[Work to be completed]
Everything from the line with "2 k = (fact" through the last line of the records below should be copied exactly, both ends included.

★ ★ ★ ★ ★

definition shmaliy_3F2_coeff :: "nat \<Rightarrow> nat \<Rightarrow> nat \<Rightarrow> real" where
  "shmaliy_3F2_coeff m N k = (real m + 1)^2 / real N
     * (pochhammer (- real m) k * pochhammer (real m + 2) k
        / (pochhammer 2 k * pochhammer (real N + 1) k * fact k))"

definition shmaliy_3F2_poly :: "nat \<Rightarrow> nat \<Rightarrow> real poly" where
  "shmaliy_3F2_poly m N = (\<Sum>k\<le>m. smult (shmaliy_3F2_coeff m N k) (\<Prod>i=0..<k. [:real i + 1, 1:]))"

lemma poly_shmaliy_3F2_poly:
  "poly (shmaliy_3F2_poly m N) y
     = (real m + 1)^2 / real N * hyp3F2_term m (y + 1) (real m + 2) 2 (real N + 1)"
  unfolding shmaliy_3F2_poly_def shmaliy_3F2_coeff_def hyp3F2_term_def
    poly_sum poly_smult poly_prod sum_distrib_left pochhammer_prod[of "y + 1"]
  by (intro sum.cong) (simp_all add: ac_simps)

lemma degree_shmaliy_3F2_poly: "degree (shmaliy_3F2_poly m N) \<le> m"
proof -
  have degree_prod: "degree (\<Prod>i=0..<k. [:real i + 1, 1:]) \<le> k" for k
    using degree_prod_sum_le[of "{0..<k}" "\<lambda>i. [:real i + 1, 1:]"] by simp
  show ?thesis
    unfolding shmaliy_3F2_poly_def
    by (intro degree_sum_le) (auto intro: order.trans[OF degree_smult_le] order.trans[OF degree_prod])
qed

lemma shmaliy_3F2_coeff_eq_fact:
  assumes "k \<le> m"
  shows "shmaliy_3F2_coeff m (Suc M) k
     = (-1)^k * (real m + 1) * fact (m + k + 1) * fact M
       / (fact (m - k) * fact (k + 1) * fact (M + k + 1) * fact k)"
proof -
  have p2: "pochhammer (real m + 2) k = fact (m + k + 1) / ((real m + 1) * fact m)"
    using pochhammer_of_nat_plus_1[of "m + 1" k, where 'a=real] by (simp add: ac_simps)
  have p3: "pochhammer 2 k = (fact (k + 1) :: real)"
    using pochhammer_of_nat_plus_1[of 1 k, where 'a=real] by (simp add: ac_simps del: fact_Suc)
  have p4: "pochhammer (real (Suc M) + 1) k = fact (M + k + 1) / ((real M + 1) * fact M)"
    using pochhammer_of_nat_plus_1[of "Suc M" k, where 'a=real] by simp
  show ?thesis
    unfolding shmaliy_3F2_coeff_def pochhammer_minus_of_nat[OF assms] p2 p3 p4
    by (simp add: divide_simps power2_eq_square add_nonneg_eq_0_iff del: fact_Suc)
qed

★ ★ ★ ★ ★

[Answer section]
  have p3: "pochhammer 2 k = (fact (k + 1) :: real)"
    using pochhammer_of_nat_plus_1[of 1 k, where 'a=real] by (simp add: ac_simps del: fact_Suc)
  have p4: "pochhammer (real (Suc M) + 1) k = fact (M + k + 1) / ((real M + 1) * fact M)"
    using pochhammer_of_nat_plus_1[of "Suc M" k, where 'a=real] by simp
  show ?thesis
    unfolding shmaliy_3F2_coeff_def pochhammer_minus_of_nat[OF assms] p2 p3 p4
    by (simp add: divide_simps power2_eq_square add_nonneg_eq_0_iff del: fact_Suc)
qed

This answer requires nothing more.